_Records for the task_.

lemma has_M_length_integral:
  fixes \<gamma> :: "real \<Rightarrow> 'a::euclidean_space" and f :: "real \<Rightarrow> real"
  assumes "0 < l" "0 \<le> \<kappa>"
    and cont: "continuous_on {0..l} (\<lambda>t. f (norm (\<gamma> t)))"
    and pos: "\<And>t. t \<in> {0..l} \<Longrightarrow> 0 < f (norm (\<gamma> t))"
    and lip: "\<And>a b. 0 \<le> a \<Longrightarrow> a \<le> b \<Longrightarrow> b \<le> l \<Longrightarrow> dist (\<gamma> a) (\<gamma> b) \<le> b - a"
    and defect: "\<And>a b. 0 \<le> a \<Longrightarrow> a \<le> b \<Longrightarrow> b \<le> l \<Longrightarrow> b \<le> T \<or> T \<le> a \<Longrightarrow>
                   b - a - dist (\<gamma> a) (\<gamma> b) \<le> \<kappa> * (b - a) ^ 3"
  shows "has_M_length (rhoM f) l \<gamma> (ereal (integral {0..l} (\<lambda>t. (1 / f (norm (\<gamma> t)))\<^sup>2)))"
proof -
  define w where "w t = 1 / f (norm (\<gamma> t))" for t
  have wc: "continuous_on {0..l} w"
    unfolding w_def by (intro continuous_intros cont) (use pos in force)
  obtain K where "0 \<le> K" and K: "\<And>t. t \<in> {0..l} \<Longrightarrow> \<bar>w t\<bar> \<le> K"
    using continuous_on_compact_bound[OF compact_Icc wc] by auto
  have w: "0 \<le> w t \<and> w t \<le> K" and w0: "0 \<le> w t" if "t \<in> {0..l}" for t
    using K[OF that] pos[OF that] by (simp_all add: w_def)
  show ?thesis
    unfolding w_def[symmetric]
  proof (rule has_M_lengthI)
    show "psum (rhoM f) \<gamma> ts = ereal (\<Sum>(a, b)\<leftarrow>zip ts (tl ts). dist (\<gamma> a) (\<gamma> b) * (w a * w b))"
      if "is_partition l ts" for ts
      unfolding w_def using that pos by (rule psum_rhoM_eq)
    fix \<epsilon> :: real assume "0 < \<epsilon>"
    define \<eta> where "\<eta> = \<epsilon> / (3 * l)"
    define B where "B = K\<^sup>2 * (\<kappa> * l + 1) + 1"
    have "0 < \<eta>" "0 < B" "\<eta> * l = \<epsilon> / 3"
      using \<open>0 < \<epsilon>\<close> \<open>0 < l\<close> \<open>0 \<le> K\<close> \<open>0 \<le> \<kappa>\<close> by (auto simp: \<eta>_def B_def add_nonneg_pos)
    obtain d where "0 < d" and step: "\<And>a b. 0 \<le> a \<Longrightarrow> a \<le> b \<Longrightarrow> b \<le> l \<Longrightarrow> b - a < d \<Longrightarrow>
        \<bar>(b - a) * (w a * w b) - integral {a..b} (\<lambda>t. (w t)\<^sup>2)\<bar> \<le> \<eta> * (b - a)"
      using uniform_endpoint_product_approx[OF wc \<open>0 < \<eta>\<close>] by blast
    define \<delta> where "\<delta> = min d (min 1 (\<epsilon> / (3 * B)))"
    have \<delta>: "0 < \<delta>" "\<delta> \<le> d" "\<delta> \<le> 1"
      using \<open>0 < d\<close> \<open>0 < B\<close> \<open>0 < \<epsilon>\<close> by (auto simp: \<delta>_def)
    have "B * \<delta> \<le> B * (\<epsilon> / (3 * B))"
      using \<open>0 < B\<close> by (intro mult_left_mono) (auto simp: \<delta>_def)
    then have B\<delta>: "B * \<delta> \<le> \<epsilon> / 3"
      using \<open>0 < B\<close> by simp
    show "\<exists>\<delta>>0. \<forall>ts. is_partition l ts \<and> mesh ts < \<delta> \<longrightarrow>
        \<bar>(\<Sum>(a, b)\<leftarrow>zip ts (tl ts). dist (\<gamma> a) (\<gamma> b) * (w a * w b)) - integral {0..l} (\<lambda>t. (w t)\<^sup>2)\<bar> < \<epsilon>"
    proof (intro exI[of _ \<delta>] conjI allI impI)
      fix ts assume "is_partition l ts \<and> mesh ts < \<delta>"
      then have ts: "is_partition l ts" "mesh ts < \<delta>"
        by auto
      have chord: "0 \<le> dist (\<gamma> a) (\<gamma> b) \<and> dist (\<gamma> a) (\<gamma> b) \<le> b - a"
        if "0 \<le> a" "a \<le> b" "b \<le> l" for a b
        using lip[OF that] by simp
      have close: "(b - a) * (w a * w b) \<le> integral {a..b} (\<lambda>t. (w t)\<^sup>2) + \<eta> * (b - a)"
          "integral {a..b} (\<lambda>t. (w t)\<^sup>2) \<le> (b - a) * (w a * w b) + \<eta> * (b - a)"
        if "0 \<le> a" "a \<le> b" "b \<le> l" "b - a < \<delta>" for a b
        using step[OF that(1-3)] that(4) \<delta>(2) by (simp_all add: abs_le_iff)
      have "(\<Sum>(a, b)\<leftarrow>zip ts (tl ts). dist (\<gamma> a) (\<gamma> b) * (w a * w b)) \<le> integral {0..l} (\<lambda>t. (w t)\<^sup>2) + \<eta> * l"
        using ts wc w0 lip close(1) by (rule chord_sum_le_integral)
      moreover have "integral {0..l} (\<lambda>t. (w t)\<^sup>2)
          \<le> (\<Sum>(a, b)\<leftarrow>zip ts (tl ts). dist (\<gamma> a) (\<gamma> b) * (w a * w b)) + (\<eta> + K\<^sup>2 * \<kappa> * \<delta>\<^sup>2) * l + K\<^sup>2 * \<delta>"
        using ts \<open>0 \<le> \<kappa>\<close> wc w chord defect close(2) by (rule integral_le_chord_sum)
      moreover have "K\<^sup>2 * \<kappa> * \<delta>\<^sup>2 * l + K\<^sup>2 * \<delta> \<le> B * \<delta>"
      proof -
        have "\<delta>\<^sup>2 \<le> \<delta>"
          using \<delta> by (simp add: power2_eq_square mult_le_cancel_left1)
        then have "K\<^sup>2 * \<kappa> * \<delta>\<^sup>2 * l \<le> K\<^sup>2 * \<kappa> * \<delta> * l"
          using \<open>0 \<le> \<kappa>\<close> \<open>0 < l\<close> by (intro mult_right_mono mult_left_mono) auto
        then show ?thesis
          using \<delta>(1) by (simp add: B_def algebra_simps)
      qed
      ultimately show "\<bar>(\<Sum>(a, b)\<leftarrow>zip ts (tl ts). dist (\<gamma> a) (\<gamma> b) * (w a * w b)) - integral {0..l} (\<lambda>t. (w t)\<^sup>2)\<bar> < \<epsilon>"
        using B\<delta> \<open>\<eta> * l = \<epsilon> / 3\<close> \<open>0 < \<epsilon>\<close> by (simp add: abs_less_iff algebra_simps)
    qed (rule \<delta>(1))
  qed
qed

_Problem requirements_.
Copy every line of the material above in which the string "lambda" can be found.

_Output below_.
    and cont: "continuous_on {0..l} (\<lambda>t. f (norm (\<gamma> t)))"
  shows "has_M_length (rhoM f) l \<gamma> (ereal (integral {0..l} (\<lambda>t. (1 / f (norm (\<gamma> t)))\<^sup>2)))"
        \<bar>(b - a) * (w a * w b) - integral {a..b} (\<lambda>t. (w t)\<^sup>2)\<bar> \<le> \<eta> * (b - a)"
        \<bar>(\<Sum>(a, b)\<leftarrow>zip ts (tl ts). dist (\<gamma> a) (\<gamma> b) * (w a * w b)) - integral {0..l} (\<lambda>t. (w t)\<^sup>2)\<bar> < \<epsilon>"
      have close: "(b - a) * (w a * w b) \<le> integral {a..b} (\<lambda>t. (w t)\<^sup>2) + \<eta> * (b - a)"
          "integral {a..b} (\<lambda>t. (w t)\<^sup>2) \<le> (b - a) * (w a * w b) + \<eta> * (b - a)"
      have "(\<Sum>(a, b)\<leftarrow>zip ts (tl ts). dist (\<gamma> a) (\<gamma> b) * (w a * w b)) \<le> integral {0..l} (\<lambda>t. (w t)\<^sup>2) + \<eta> * l"
      moreover have "integral {0..l} (\<lambda>t. (w t)\<^sup>2)
      ultimately show "\<bar>(\<Sum>(a, b)\<leftarrow>zip ts (tl ts). dist (\<gamma> a) (\<gamma> b) * (w a * w b)) - integral {0..l} (\<lambda>t. (w t)\<^sup>2)\<bar> < \<epsilon>"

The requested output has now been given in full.